(* Let $1\le p<\infty$ and $f\in H^p(\mathbb B)$. Then for every $q\in\mathbb B$, $$|f(q)|\le\sqrt2\Big(\frac1{1-|q|^2}\Big)^{1/p}\|f\|_p.$$
   Context: $\mathbb H$ quaternions, $\mathbb S=\{q:q^2=-1\}$, $\mathbb B$ open unit ball. Slice regular functions on $\mathbb B$: functions whose restriction to each $\mathbb B\cap(\mathbb R+I\mathbb R)$, $I\in\mathbb S$, is $C^1$ and annihilated by $\frac12(\partial_x+I\partial_y)$ (equivalently, convergent power series $\sum q^na_n$). $\|f\|_p=\sup_{I\in\mathbb S}\lim_{r\to1^-}(\frac1{2\pi}\int_{-\pi}^\pi|f(re^{I\theta})|^pd\theta)^{1/p}$ and $H^p(\mathbb B)=\{f$ regular on $\mathbb B:\|f\|_p<\infty\}$. *)

theory Defs
  imports "HOL-Analysis.Analysis"
begin

text \<open>Quaternions, realised via the Cayley--Dickson construction as pairs of complex
numbers: (a, b) stands for a + b j with a, b complex and j z = cnj z j.
The norm inherited from the product type is sqrt (norm a ^ 2 + norm b ^ 2), i.e. the
Euclidean norm of R^4, which is the quaternionic modulus.\<close>

type_synonym quat = "complex \<times> complex"

definition qmul :: "quat \<Rightarrow> quat \<Rightarrow> quat" (infixl "\<otimes>\<^sub>q" 70) where
  "p \<otimes>\<^sub>q q = (fst p * fst q - snd p * cnj (snd q), fst p * snd q + snd p * cnj (fst q))"

definition qone :: quat where "qone = (1, 0)"

definition imag_units :: "quat set" where
  "imag_units = {I. I \<otimes>\<^sub>q I = - qone}"

definition qball :: "quat set" where
  "qball = {q. norm q < 1}"

text \<open>Slice regularity on B: for every I in S the restriction
g(x,y) = f(x + y I) to B \<inter> (R + I R) (i.e. (x,y) in the unit disc) is C^1, with
partial derivatives gx = d/dx g, gy = d/dy g, and annihilated by
(1/2)(d/dx + I d/dy), i.e. gx + I gy = 0.\<close>
definition slice_regular :: "(quat \<Rightarrow> quat) \<Rightarrow> bool" where
  "slice_regular f \<longleftrightarrow>
     (\<forall>I\<in>imag_units.
        (\<exists>gx gy :: real \<times> real \<Rightarrow> quat.
           continuous_on (ball 0 1) gx \<and> continuous_on (ball 0 1) gy \<and>
           (\<forall>z\<in>ball 0 1.
              ((\<lambda>w. f (fst w *\<^sub>R qone + snd w *\<^sub>R I))
                 has_derivative (\<lambda>h. fst h *\<^sub>R gx z + snd h *\<^sub>R gy z)) (at z) \<and>
              (1/2) *\<^sub>R (gx z + I \<otimes>\<^sub>q gy z) = 0)))"

definition slice_exp :: "real \<Rightarrow> quat \<Rightarrow> real \<Rightarrow> quat" where
  "slice_exp r I \<theta> = (r * cos \<theta>) *\<^sub>R qone + (r * sin \<theta>) *\<^sub>R I"

definition integral_mean :: "(quat \<Rightarrow> quat) \<Rightarrow> real \<Rightarrow> quat \<Rightarrow> real \<Rightarrow> real" where
  "integral_mean f p I r =
     (1 / (2 * pi) * integral {-pi..pi} (\<lambda>\<theta>. norm (f (slice_exp r I \<theta>)) powr p)) powr (1 / p)"

definition Hp_norm :: "real \<Rightarrow> (quat \<Rightarrow> quat) \<Rightarrow> ereal" where
  "Hp_norm p f = (SUP I\<in>imag_units. Lim (at_left 1) (\<lambda>r. ereal (integral_mean f p I r)))"

definition Hp :: "real \<Rightarrow> (quat \<Rightarrow> quat) set" where
  "Hp p = {f. slice_regular f \<and> Hp_norm p f < \<infinity>}"

end

theory Submission
  imports Defs "HOL-Complex_Analysis.Complex_Analysis"
begin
▬▬▬
Task ▸ Retype the entries above exactly, but only from the line containing "(\<exists>gx gy :: real" through the line containing "theory Submission", both included.

Written response ▸
        (\<exists>gx gy :: real \<times> real \<Rightarrow> quat.
           continuous_on (ball 0 1) gx \<and> continuous_on (ball 0 1) gy \<and>
           (\<forall>z\<in>ball 0 1.
              ((\<lambda>w. f (fst w *\<^sub>R qone + snd w *\<^sub>R I))
                 has_derivative (\<lambda>h. fst h *\<^sub>R gx z + snd h *\<^sub>R gy z)) (at z) \<and>
              (1/2) *\<^sub>R (gx z + I \<otimes>\<^sub>q gy z) = 0)))"

definition slice_exp :: "real \<Rightarrow> quat \<Rightarrow> real \<Rightarrow> quat" where
  "slice_exp r I \<theta> = (r * cos \<theta>) *\<^sub>R qone + (r * sin \<theta>) *\<^sub>R I"

definition integral_mean :: "(quat \<Rightarrow> quat) \<Rightarrow> real \<Rightarrow> quat \<Rightarrow> real \<Rightarrow> real" where
  "integral_mean f p I r =
     (1 / (2 * pi) * integral {-pi..pi} (\<lambda>\<theta>. norm (f (slice_exp r I \<theta>)) powr p)) powr (1 / p)"

definition Hp_norm :: "real \<Rightarrow> (quat \<Rightarrow> quat) \<Rightarrow> ereal" where
  "Hp_norm p f = (SUP I\<in>imag_units. Lim (at_left 1) (\<lambda>r. ereal (integral_mean f p I r)))"

definition Hp :: "real \<Rightarrow> (quat \<Rightarrow> quat) set" where
  "Hp p = {f. slice_regular f \<and> Hp_norm p f < \<infinity>}"

end

theory Submission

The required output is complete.